A parallel beam of light of wavelength $$900 \text{ nm}$$ and intensity $$100 \text{ W m}^{-2}$$ is incident on a surface perpendicular to the beam. The number of photons crossing $$1 \text{ cm}^2$$ area perpendicular to the beam in one second is

A parallel beam of light of wavelength $$\lambda = 900 \text{ nm} = 900 \times 10^{-9} \text{ m}$$ and intensity $$I = 100 \text{ W/m}^2$$ is incident on a surface perpendicular to the beam.
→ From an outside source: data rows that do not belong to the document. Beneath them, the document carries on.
(* Let $\varphi$ be an IPDL-formula all of whose propositional variables are among $p_1,\ldots,p_n$ and all of whose atomic program terms are among $a_1,\ldots,a_l$ ($l\ge 1$). Let $\gamma = a_1\cup\cdots\cup a_l$, let $\cdot'$ be the translation defined in the context (which uses the fresh variable $p_{n+1}$), let $$\Theta = p_{n+1}\wedge [\gamma^*](\langle\gamma\rangle p_{n+1}\rightarrow p_{n+1}),$$ and let $\widehat{\varphi} = \Theta\wedge\varphi'$. Then $\varphi$ is satisfiable if, and only if, $\widehat{\varphi}$ is satisfiable.
   Context: Fix a countable set $\mathit{Var}=\{p_1,p_2,\ldots\}$ of propositional variables and a countable set $AP=\{a_1,a_2,\ldots\}$ of atomic program terms. IPDL formulas $\varphi$ and program terms $\alpha$ are defined simultaneously by $\varphi ::= p \mid \bot \mid (\varphi\rightarrow\varphi)\mid [\alpha]\varphi$ and $\alpha ::= a \mid \varphi? \mid (\alpha;\alpha)\mid(\alpha\cup\alpha)\mid(\alpha\cap\alpha)\mid \alpha^*$, where $p\in\mathit{Var}$, $a\in AP$. The connectives $\neg,\wedge,\vee,\leftrightarrow,\top$ are defined as usual and $\langle\alpha\rangle\psi=\neg[\alpha]\neg\psi$. A Kripke model is $\mathfrak{M}=(S,\{R_a\}_{a\in AP},V)$ with $S$ a nonempty set, each $R_a\subseteq S\times S$, and $V:\mathit{Var}\to 2^S$. Relations for compound programs and the satisfaction relation are defined simultaneously: $(s,t)\in R_{\psi?}$ iff $s=t$ and $\mathfrak{M},s\models\psi$; $R_{\alpha;\beta}$ is the relational composition of $R_\alpha$ and $R_\beta$; $R_{\alpha\cup\beta}=R_\alpha\cup R_\beta$; $R_{\alpha\cap\beta}=R_\alpha\cap R_\beta$; $R_{\alpha^*}$ is the reflexive transitive closure of $R_\alpha$; $\mathfrak{M},s\models p$ iff $s\in V(p)$; $\mathfrak{M},s\not\models\bot$; $\mathfrak{M},s\models\psi\rightarrow\chi$ iff $\mathfrak{M},s\models\psi$ implies $\mathfrak{M},s\models\chi$; $\mathfrak{M},s\models[\alpha]\psi$ iff $\mathfrak{M},t\models\psi$ for all $t$ with $(s,t)\in R_\alpha$. A formula is satisfiable if it is true at some state of some model. The translation $\cdot'$ (for $\varphi$ as in the claim) is defined recursively: $a_j'=a_j$; $(\alpha;\beta)'=\alpha';\beta'$; $(\alpha\cup\beta)'=\alpha'\cup\beta'$; $(\alpha\cap\beta)'=\alpha'\cap\beta'$; $(\alpha^* )'=(\alpha')^*$; $(\psi?)'=(\psi')?$; $p_i'=p_i$ for $i\le n$; $\bot'=\bot$; $(\psi\rightarrow\chi)'=\psi'\rightarrow\chi'$; $([\alpha]\psi)'=[\alpha'](p_{n+1}\rightarrow\psi')$. *)

theory Defs
  imports Main
begin
definition paths :: "'a set \<Rightarrow> ('a \<Rightarrow> 'a \<Rightarrow> bool) \<Rightarrow> nat \<Rightarrow> 'a \<Rightarrow> 'a \<Rightarrow> 'a list set" where
  "paths V E d u w = {p. length p = d + 1 \<and> distinct p \<and> set p \<subseteq> V
      \<and> hd p = u \<and> last p = w \<and> (\<forall>i < d. E (p ! i) (p ! Suc i))}"

end

(*
  Grow layers around u: the first layer is the neighbourhood of u, and layer k + 2 consists of
  layer k together with all vertices having at least \<gamma> n = \<alpha>\<^sup>2 n / 4 neighbours in layer k + 1.
  While many vertices lie outside two consecutive layers, the expansion condition forces
  \<alpha>\<^sup>2 n / 4 new vertices into the next pair; so after at most 4 / \<alpha>\<^sup>2 steps the remainder is
  small enough that, by the minimum degree, every vertex w lies in one of the next two layers.

  Paths are then counted backwards from w: a vertex that entered layer k + 2 has at least
  \<gamma> n - d neighbours in layer k + 1 off any given set of d vertices, and each of them carries
  paths avoiding the vertices already used. This gives a weighted sum over lengths, with weight
  (\<gamma> n - d)^-i on paths of length i + 1, that is at least 1; one of its at most d terms
  is at least 1 / d.
*)

theory Submission
  imports Defs "HOL-Library.Transitive_Closure_Table"
begin

lemma exists_stop_if_bounded_increments:
  fixes f :: "nat \<Rightarrow> real"
  assumes "0 < \<delta>" and "\<And>k. 0 \<le> f k" and "\<And>k. f k \<le> B"
    and "\<And>k. \<not> P k \<Longrightarrow> f k + \<delta> \<le> f (Suc k)"
  shows "\<exists>j. real j \<le> B / \<delta> \<and> P j"
proof (rule ccontr)
  assume none: "\<not> ?thesis"
  define K where "K = nat \<lfloor>B / \<delta>\<rfloor> + 1"
  have "0 \<le> B / \<delta>"
    using assms(1) assms(2,3)[of 0] by simp
  then have before_K: "real k \<le> B / \<delta>" if "k < K" for k
    using that unfolding K_def by linarith
  have "real k * \<delta> \<le> f k" if "k \<le> K" for k
    using that
  proof (induction k)
    case (Suc k)
    then have "\<not> P k"
      using none before_K by auto
    then show ?case
      using Suc assms(4)[of k] by (simp add: algebra_simps)
  qed (simp add: assms(2))
  then have "real K * \<delta> \<le> B"
    using assms(3) order_trans by blast
  moreover have "B / \<delta> < real K"
    unfolding K_def by linarith
  ultimately show False
    using assms(1) by (simp add: field_simps)
qed

locale finite_simple_graph =
  fixes V :: "'a set" and E :: "'a \<Rightarrow> 'a \<Rightarrow> bool"
  assumes simple_graph: "simple_graph V E"
begin

lemma finite_V: "finite V"
  using simple_graph by (simp add: simple_graph_def)

lemma edge_in_V: "E x y \<Longrightarrow> x \<in> V" "E x y \<Longrightarrow> y \<in> V"
  using simple_graph by (auto simp: simple_graph_def)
We need to find the number of photons crossing $$1 \text{ cm}^2$$ area per second.

Since the energy of a single photon is $$E = \frac{hc}{\lambda} = \frac{6.6 \times 10^{-34} \times 3 \times 10^8}{900 \times 10^{-9}}$$, this gives $$E = \frac{19.8 \times 10^{-26}}{9 \times 10^{-7}} = 2.2 \times 10^{-19} \text{ J}$$.

Next, the area is $$1 \text{ cm}^2 = 10^{-4} \text{ m}^2$$ so $$P = I \times A = 100 \times 10^{-4} = 10^{-2} \text{ W} = 0.01 \text{ W}$$.

From this, the number of photons per second is $$n = \frac{P}{E} = \frac{10^{-2}}{2.2 \times 10^{-19}} = \frac{1}{2.2} \times 10^{17}$$ which gives $$n = 0.4545 \times 10^{17} = 4.545 \times 10^{16}$$ and thus $$n \approx 4.5 \times 10^{16}$$.

The correct answer is Option B: $$4.5 \times 10^{16}$$.